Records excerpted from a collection
◇ ◇ ◇

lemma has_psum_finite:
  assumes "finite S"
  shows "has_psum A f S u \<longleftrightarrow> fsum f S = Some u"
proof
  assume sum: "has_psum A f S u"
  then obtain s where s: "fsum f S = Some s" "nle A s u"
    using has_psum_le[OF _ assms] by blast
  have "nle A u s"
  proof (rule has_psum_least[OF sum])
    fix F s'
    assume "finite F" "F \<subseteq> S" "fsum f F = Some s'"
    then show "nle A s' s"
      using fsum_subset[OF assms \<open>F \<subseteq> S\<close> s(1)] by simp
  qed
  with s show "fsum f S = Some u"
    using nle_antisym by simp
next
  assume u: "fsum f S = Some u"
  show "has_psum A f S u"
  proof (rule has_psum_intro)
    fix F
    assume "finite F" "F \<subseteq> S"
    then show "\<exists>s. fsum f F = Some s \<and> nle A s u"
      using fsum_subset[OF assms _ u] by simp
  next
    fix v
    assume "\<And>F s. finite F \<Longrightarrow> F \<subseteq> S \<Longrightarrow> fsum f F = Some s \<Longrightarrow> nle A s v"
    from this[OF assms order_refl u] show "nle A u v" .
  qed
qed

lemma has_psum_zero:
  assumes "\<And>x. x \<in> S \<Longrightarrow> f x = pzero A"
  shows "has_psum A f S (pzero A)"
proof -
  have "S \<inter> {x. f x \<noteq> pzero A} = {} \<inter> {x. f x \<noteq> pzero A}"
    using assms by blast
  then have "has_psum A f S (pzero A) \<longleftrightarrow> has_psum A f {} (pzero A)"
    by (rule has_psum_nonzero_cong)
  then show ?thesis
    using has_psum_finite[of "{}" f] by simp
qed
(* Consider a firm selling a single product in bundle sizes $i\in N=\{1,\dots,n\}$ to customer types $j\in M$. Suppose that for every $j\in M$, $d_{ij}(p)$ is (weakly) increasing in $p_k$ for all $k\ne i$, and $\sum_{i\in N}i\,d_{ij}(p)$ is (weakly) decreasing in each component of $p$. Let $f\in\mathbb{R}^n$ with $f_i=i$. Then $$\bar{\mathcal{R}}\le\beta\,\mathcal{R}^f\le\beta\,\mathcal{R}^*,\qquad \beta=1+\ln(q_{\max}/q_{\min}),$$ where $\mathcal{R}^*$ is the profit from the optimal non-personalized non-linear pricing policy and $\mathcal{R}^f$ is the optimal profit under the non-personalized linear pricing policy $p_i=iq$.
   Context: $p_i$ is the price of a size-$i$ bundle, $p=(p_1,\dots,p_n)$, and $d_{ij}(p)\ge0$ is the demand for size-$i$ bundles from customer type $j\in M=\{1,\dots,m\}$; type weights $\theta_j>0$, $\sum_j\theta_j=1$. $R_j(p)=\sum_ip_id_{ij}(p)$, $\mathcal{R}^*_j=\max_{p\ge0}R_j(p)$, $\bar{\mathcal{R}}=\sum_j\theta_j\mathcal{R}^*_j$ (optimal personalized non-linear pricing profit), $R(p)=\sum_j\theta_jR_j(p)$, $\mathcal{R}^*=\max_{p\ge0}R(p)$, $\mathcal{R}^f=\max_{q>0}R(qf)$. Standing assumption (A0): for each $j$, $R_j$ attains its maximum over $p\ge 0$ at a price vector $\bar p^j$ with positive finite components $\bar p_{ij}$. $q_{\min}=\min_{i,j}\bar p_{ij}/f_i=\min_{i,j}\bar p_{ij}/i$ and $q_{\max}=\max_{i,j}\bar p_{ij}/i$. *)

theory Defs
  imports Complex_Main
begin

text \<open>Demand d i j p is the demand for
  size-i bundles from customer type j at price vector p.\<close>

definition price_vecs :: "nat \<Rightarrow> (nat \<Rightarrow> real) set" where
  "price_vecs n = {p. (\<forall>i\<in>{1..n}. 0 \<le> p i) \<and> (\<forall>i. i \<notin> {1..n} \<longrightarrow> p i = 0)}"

◇ ◇ ◇

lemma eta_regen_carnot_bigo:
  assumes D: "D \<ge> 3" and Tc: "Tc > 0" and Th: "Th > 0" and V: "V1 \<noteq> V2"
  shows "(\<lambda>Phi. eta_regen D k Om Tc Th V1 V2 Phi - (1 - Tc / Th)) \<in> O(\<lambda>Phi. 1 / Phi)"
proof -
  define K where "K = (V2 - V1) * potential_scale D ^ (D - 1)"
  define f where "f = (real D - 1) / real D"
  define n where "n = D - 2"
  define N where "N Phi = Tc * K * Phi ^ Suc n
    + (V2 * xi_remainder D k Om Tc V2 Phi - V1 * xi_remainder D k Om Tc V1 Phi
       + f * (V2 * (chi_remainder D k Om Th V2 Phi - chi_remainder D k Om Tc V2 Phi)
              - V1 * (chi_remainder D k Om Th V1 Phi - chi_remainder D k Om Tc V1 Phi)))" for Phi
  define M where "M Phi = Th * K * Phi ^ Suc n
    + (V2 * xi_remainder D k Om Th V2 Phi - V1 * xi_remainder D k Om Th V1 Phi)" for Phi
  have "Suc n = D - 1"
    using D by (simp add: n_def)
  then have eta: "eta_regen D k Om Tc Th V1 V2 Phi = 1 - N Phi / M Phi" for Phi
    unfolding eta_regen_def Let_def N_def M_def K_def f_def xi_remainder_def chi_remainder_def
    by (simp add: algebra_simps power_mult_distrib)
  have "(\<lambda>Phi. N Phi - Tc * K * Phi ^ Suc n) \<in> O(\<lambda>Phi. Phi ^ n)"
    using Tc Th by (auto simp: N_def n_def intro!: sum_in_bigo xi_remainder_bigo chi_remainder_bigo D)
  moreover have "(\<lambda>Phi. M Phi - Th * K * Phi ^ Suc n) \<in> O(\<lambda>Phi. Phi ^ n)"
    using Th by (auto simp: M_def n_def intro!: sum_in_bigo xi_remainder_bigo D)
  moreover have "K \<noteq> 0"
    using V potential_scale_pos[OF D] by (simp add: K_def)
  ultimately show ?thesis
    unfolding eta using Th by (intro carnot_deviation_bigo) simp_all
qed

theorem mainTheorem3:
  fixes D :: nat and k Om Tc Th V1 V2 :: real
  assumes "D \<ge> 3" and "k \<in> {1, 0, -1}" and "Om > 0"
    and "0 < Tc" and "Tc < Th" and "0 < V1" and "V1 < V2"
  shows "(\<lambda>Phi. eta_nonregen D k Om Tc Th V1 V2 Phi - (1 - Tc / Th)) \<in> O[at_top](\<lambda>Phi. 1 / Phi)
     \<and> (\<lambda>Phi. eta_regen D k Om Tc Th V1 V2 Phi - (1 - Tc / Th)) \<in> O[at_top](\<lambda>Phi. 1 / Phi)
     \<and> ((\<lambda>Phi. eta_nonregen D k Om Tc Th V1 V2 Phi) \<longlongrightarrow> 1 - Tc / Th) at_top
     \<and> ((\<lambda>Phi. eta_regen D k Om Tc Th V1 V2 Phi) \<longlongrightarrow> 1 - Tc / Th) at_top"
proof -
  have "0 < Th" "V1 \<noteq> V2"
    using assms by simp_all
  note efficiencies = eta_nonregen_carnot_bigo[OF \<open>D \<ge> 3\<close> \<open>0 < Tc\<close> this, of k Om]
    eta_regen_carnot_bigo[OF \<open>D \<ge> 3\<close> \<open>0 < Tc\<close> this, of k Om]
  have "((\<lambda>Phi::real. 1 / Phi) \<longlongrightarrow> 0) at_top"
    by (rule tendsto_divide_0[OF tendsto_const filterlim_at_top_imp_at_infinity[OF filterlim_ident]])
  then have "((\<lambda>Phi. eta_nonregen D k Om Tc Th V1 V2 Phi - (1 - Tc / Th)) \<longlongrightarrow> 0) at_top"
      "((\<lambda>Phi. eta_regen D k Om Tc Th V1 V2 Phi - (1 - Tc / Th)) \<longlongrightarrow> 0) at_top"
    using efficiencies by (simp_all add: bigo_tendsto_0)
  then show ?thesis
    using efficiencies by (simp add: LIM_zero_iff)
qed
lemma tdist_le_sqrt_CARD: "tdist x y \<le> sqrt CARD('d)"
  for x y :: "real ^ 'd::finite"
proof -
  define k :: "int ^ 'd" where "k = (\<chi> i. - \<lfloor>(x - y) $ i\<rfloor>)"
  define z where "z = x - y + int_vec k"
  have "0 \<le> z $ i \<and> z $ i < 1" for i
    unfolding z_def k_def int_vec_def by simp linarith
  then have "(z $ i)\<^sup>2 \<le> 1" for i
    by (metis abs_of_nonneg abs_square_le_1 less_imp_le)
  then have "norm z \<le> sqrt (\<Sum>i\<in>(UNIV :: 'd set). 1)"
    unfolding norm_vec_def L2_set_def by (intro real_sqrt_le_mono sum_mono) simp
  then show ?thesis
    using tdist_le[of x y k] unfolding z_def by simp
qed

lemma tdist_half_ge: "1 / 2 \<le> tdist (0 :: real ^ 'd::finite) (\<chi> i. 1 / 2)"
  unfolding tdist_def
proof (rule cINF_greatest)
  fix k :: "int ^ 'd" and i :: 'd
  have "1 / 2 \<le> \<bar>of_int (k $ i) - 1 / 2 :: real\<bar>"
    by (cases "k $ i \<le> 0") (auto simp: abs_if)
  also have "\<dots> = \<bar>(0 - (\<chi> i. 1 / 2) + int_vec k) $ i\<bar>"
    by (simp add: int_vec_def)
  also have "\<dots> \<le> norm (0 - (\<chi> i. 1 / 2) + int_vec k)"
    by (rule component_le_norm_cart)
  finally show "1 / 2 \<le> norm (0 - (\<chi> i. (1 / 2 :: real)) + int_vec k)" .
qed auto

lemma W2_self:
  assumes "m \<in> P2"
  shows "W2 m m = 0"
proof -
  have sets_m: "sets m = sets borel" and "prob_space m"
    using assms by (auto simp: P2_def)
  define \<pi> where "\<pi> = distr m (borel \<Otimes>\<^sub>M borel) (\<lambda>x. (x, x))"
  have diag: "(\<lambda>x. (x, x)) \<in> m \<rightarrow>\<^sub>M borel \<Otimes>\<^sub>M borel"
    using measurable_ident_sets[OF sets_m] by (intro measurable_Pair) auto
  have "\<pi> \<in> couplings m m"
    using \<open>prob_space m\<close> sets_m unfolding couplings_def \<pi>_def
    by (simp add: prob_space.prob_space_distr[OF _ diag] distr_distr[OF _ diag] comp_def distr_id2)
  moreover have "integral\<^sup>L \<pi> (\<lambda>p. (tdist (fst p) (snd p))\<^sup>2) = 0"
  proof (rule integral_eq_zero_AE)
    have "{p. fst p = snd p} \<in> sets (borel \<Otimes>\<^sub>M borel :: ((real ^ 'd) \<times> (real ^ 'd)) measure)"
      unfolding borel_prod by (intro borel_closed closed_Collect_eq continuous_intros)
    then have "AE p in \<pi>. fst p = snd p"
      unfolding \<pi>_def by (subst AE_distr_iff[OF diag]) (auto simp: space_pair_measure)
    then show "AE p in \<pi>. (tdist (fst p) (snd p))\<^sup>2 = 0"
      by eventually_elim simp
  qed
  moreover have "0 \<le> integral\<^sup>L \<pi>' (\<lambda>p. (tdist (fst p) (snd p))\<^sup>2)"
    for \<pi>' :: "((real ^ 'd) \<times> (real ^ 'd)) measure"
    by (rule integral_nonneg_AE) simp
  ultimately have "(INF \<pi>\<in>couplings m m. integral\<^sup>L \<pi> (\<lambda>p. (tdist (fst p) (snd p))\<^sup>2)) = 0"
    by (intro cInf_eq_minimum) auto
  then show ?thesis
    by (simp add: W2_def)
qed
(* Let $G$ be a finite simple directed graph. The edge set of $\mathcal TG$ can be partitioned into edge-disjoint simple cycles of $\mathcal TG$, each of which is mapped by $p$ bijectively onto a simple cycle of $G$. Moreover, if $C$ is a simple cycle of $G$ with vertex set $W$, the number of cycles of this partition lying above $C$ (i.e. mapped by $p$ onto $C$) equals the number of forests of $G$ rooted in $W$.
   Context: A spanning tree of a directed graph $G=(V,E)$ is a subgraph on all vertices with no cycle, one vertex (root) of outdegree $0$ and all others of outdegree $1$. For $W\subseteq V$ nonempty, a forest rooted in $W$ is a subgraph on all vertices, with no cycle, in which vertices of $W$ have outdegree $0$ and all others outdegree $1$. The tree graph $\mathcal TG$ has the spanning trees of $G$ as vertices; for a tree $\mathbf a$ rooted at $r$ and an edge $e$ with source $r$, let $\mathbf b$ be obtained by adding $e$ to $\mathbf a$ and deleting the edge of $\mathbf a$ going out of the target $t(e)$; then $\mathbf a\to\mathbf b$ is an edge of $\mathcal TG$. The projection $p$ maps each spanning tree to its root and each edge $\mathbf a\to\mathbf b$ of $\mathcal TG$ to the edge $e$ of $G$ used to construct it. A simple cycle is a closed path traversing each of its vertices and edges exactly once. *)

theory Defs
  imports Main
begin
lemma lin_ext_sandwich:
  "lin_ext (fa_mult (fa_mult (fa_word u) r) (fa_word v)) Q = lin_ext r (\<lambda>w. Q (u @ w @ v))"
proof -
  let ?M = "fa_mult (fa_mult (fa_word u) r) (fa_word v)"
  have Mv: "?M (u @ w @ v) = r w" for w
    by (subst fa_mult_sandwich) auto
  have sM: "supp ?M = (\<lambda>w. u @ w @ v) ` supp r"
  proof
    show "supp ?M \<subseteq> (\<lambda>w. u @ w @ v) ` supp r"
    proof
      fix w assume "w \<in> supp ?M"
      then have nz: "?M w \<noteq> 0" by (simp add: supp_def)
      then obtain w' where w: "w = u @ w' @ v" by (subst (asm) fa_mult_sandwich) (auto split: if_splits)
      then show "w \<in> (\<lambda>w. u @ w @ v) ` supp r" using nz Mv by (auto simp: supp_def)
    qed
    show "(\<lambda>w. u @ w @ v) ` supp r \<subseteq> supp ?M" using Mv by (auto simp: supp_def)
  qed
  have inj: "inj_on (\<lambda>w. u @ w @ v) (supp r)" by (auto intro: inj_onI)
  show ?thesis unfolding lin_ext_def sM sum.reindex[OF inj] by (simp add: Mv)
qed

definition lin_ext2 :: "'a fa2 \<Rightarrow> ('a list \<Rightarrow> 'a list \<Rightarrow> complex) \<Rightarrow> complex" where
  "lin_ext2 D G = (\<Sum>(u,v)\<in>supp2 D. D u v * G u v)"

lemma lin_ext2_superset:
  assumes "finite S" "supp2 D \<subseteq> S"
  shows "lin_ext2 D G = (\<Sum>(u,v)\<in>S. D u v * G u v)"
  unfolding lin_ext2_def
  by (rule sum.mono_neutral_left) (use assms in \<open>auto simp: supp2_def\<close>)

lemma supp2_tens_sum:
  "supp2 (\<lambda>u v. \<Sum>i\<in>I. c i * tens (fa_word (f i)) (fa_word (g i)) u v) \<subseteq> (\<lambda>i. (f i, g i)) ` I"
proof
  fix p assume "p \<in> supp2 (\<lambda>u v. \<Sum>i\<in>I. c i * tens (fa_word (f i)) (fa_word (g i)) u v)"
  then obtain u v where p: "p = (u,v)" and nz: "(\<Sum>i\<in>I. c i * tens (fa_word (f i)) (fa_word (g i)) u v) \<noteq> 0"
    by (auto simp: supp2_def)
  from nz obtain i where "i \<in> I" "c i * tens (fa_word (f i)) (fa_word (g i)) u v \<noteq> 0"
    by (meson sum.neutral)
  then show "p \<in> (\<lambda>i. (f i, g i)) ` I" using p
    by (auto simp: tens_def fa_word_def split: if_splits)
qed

◇ ◇ ◇

● Work task
Transcribe the records above exactly, beginning at the line that contains "using Mv by (auto simp: supp_def)" and ending with the line that contains "by (auto simp: supp2_def)", both included, and nothing else.

● Answer to this task
    show "(\<lambda>w. u @ w @ v) ` supp r \<subseteq> supp ?M" using Mv by (auto simp: supp_def)
  qed
  have inj: "inj_on (\<lambda>w. u @ w @ v) (supp r)" by (auto intro: inj_onI)
  show ?thesis unfolding lin_ext_def sM sum.reindex[OF inj] by (simp add: Mv)
qed

definition lin_ext2 :: "'a fa2 \<Rightarrow> ('a list \<Rightarrow> 'a list \<Rightarrow> complex) \<Rightarrow> complex" where
  "lin_ext2 D G = (\<Sum>(u,v)\<in>supp2 D. D u v * G u v)"

lemma lin_ext2_superset:
  assumes "finite S" "supp2 D \<subseteq> S"
  shows "lin_ext2 D G = (\<Sum>(u,v)\<in>S. D u v * G u v)"
  unfolding lin_ext2_def
  by (rule sum.mono_neutral_left) (use assms in \<open>auto simp: supp2_def\<close>)

lemma supp2_tens_sum:
  "supp2 (\<lambda>u v. \<Sum>i\<in>I. c i * tens (fa_word (f i)) (fa_word (g i)) u v) \<subseteq> (\<lambda>i. (f i, g i)) ` I"
proof
  fix p assume "p \<in> supp2 (\<lambda>u v. \<Sum>i\<in>I. c i * tens (fa_word (f i)) (fa_word (g i)) u v)"
  then obtain u v where p: "p = (u,v)" and nz: "(\<Sum>i\<in>I. c i * tens (fa_word (f i)) (fa_word (g i)) u v) \<noteq> 0"
    by (auto simp: supp2_def)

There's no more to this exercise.